- **Problem to work on**
Among the entries below, find every line that contains the string "dots", then copy it.

- **Stored data**
═══

lemma f_prod_eq_exp_Phi:
  assumes "s = sin \<theta>" "c = cos \<theta>"
  shows "f_prod \<theta> y a = exp (Phi (y^2))"
proof -
  have "fac \<theta> y a n = exp ((-1)^n * ell (half_int n) (y^2))" for n
  proof -
    have pos: "cosh (U (half_int n) (y^2)) - S (half_int n) > 0"
      "cosh (U (half_int n) (y^2)) + S (half_int n) > 0"
      using cosh_U_minus_plus_S_pos[OF half_int_pos] by auto
    have "fac \<theta> y a n = ((cosh (U (half_int n) (y^2)) - S (half_int n)) /
        (cosh (U (half_int n) (y^2)) + S (half_int n))) powi ((-1)^n)"
      unfolding fac_def Let_def U_def S_def half_int_def by (simp add: assms mult.assoc)
    also have "\<dots> = exp (ell (half_int n) (y^2)) powi ((-1)^n)"
      unfolding ell_def using pos by (simp add: exp_diff)
    also have "\<dots> = exp ((-1)^n * ell (half_int n) (y^2))"
      by (cases "even n") (simp_all add: exp_minus power_int_minus)
    finally show ?thesis .
  qed
  hence "f_prod \<theta> y a = (\<Prod>n. exp ((-1)^n * ell (half_int n) (y^2)))"
    unfolding f_prod_def by presburger
  also have "\<dots> = exp (Phi (y^2))"
    unfolding Phi_def by (rule prodinf_exp[OF summable_Phi]) simp
  finally show ?thesis .
qed

lemma scaled_phase_inverse: "scaled_phase (1 / a) s c"
  using a_pos c_pos sin_cos by unfold_locales auto

text \<open>Replacing \<open>a\<close> by \<open>1 / a\<close> swaps the two indices of the quadratic form, so the
  double series for \<open>Phi2\<close> is transposed; absolute convergence allows the interchange.\<close>

lemma Phi2_inverse_scale:
  assumes t: "t \<ge> 0"
  shows "scaled_phase.Phi2 (1 / a) s c t = Phi2 t"
proof -
  interpret inv: scaled_phase "1 / a" s c by (rule scaled_phase_inverse)
  define F where "F n m = (-1)^n * ell2_term (half_int n) t m" for n m
  have "inv.qf \<sigma> t N M = qf \<sigma> t M N" for \<sigma> N M
    by (simp add: qf_def inv.qf_def algebra_simps)
  hence transpose: "(-1)^n * inv.ell2_term (half_int n) t m = F m n" for n m
    by (simp add: F_def ell2_term_def inv.ell2_term_def algebra_simps)
  have "inv.Phi2 t = (\<Sum>n. \<Sum>m. F m n)"
    using inv.Phi2_eq_double_sum[OF t] by (simp add: transpose)
  also have "\<dots> = (\<Sum>m. \<Sum>n. F m n)"
  proof (rule suminf_swap_dominated)
    show "\<bar>F m n\<bar> \<le> 1 / (half_int n)^2 * (c^4 / (2 * kappa^2) * (1 / (half_int m)^2))" for n m
      using abs_ell2_term_le[OF half_int_pos t, of m n] by (simp add: F_def abs_mult mult_ac)
    show "summable (\<lambda>m. c^4 / (2 * kappa^2) * (1 / (half_int m)^2))"
      by (rule summable_mult[OF summable_inverse_half_int_squared])
  qed (use summable_inverse_half_int_squared in auto)
  also have "\<dots> = Phi2 t"
    using Phi2_eq_double_sum[OF t] by (simp add: F_def)
  finally show ?thesis .
qed

lemma Phi_inverse_scale:
  assumes "t > 0"
  shows "scaled_phase.Phi (1 / a) s c t = Phi t"
proof -
  interpret inv: scaled_phase "1 / a" s c by (rule scaled_phase_inverse)
  have "Phi t - inv.Phi t = 0"
  proof (rule zero_if_second_derivative_zero_and_tendsto_zero
      [where D = "\<lambda>t. Phi t - inv.Phi t" and D' = "\<lambda>t. Phi1 t - inv.Phi1 t"])
    show "((\<lambda>t. Phi t - inv.Phi t) has_real_derivative Phi1 t - inv.Phi1 t) (at t)" if "t > 0" for t
      using that by (intro DERIV_diff Phi_has_real_derivative inv.Phi_has_real_derivative)
    show "((\<lambda>t. Phi1 t - inv.Phi1 t) has_real_derivative 0) (at t)" if "t > 0" for t
      using DERIV_diff[OF Phi1_has_real_derivative[OF that] inv.Phi1_has_real_derivative[OF that]]
        Phi2_inverse_scale[of t] that by simp
    show "((\<lambda>t. Phi t - inv.Phi t) \<longlongrightarrow> 0) at_top"
      using tendsto_diff[OF Phi_tendsto_0 inv.Phi_tendsto_0] by simp
  qed (rule assms)
  thus ?thesis by simp
qed

end

theorem mainTheorem8:
  fixes \<theta> y \<alpha> :: real
  assumes "- (pi/2) < \<theta>" and "\<theta> < pi/2" and "y > 0" and "\<alpha> > 0"
  shows "f_prod \<theta> y \<alpha> = f_prod \<theta> y (1 / \<alpha>)"
proof -
  have "cos \<theta> > 0" using assms(1,2) by (intro cos_gt_zero_pi) auto
  then interpret scaled_phase \<alpha> "sin \<theta>" "cos \<theta>"
    using assms(4) by unfold_locales auto
  interpret inv: scaled_phase "1 / \<alpha>" "sin \<theta>" "cos \<theta>"
    by (rule scaled_phase_inverse)
  have "f_prod \<theta> y \<alpha> = exp (Phi (y^2))"
    by (rule f_prod_eq_exp_Phi) auto
  also have "Phi (y^2) = inv.Phi (y^2)"
    using Phi_inverse_scale[of "y^2"] assms(3) by simp
  also have "exp (inv.Phi (y^2)) = f_prod \<theta> y (1 / \<alpha>)"
    by (rule inv.f_prod_eq_exp_Phi[symmetric]) auto
  finally show ?thesis .
qed

end
definition S_coeff :: "(('a \<Rightarrow> real) \<Rightarrow> real) \<Rightarrow> ('a \<Rightarrow> real) set \<Rightarrow> (('a \<Rightarrow> real) \<Rightarrow> ('a \<Rightarrow> real)) \<Rightarrow> ereal" where
  "S_coeff N C T = liminf (\<lambda>n. ereal ((\<Sum>k=1..n. lipconst N C (T ^^ k)) / real n))"

end

theory Submission
  imports Defs
begin

text \<open>Averaging the iterates, A_p z = (T z + ... + T^p z) / p, yields maps with Lipschitz
  constants k_p = (|T| + ... + |T^p|) / p, whose liminf is S(T), and which are almost fixed:
  T is affine, so T (A_p z) - A_p z = (T^(p+1) z - T z) / p.
  Choose reals \<kappa> > S(T), l > t(C) and r \<le> r_\<tau>(1) with \<kappa> l < 1 + r, and indices p_n with
  k_(p_n) \<le> \<kappa>. Komlos averages of the approximate fixed points A_(p_n) z converge a.e., hence in
  \<tau>, to some g; if their distance to g tends to a, the coefficient t(C) provides a centre c \<in> C at
  asymptotic distance at most l a from them. Restarting from c, the non-strict Opial property and
  the modulus r_\<tau>(1) shrink the radius a by the factor \<lambda> = (1 + \<kappa> l) / (2 + r) < 1, while the
  centre moves by at most (2 + \<kappa>) l a. The centres thus form a Cauchy sequence, whose limit is a
  fixed point of T.\<close>

section \<open>Real sequences\<close>

definition limsup_le :: "(nat \<Rightarrow> real) \<Rightarrow> real \<Rightarrow> bool" where
  "limsup_le f b \<longleftrightarrow> (\<forall>e>0. eventually (\<lambda>i. f i \<le> b + e) sequentially)"

lemma limsup_leD: "limsup_le f b \<Longrightarrow> 0 < e \<Longrightarrow> eventually (\<lambda>i. f i \<le> b + e) sequentially"
  unfolding limsup_le_def by auto

lemma limsup_le_iff: "limsup_le f b \<longleftrightarrow> limsup (\<lambda>i. ereal (f i)) \<le> ereal b"
proof
  assume b: "limsup_le f b"
  show "limsup (\<lambda>i. ereal (f i)) \<le> ereal b"
  proof (rule ereal_le_epsilon2)
    fix e :: real assume "0 < e"
    then have "eventually (\<lambda>i. ereal (f i) \<le> ereal (b + e)) sequentially"
      using b unfolding limsup_le_def by auto
    then have "limsup (\<lambda>i. ereal (f i)) \<le> ereal (b + e)" by (rule Limsup_bounded)
    then show "limsup (\<lambda>i. ereal (f i)) \<le> ereal b + ereal e" by simp
  qed
next
  assume b: "limsup (\<lambda>i. ereal (f i)) \<le> ereal b"
  show "limsup_le f b"
    unfolding limsup_le_def
  proof (intro allI impI)
    fix e :: real assume "0 < e"
    then have "limsup (\<lambda>i. ereal (f i)) < ereal (b + e)" using b by (auto intro: order.strict_trans1)
    then have "eventually (\<lambda>i. ereal (f i) < ereal (b + e)) sequentially" by (rule Limsup_lessD)
    then show "eventually (\<lambda>i. f i \<le> b + e) sequentially" by eventually_elim auto
  qed
qed

lemma limsup_le_if_tendsto: "f \<longlonglongrightarrow> a \<Longrightarrow> limsup_le f a"
  unfolding limsup_le_iff by (intro eq_refl lim_imp_Limsup) (auto simp: tendsto_ereal)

═══

- **Output**
    also have "\<dots> = exp (ell (half_int n) (y^2)) powi ((-1)^n)"
    also have "\<dots> = exp ((-1)^n * ell (half_int n) (y^2))"
  also have "\<dots> = exp (Phi (y^2))"
  also have "\<dots> = (\<Sum>m. \<Sum>n. F m n)"
  also have "\<dots> = Phi2 t"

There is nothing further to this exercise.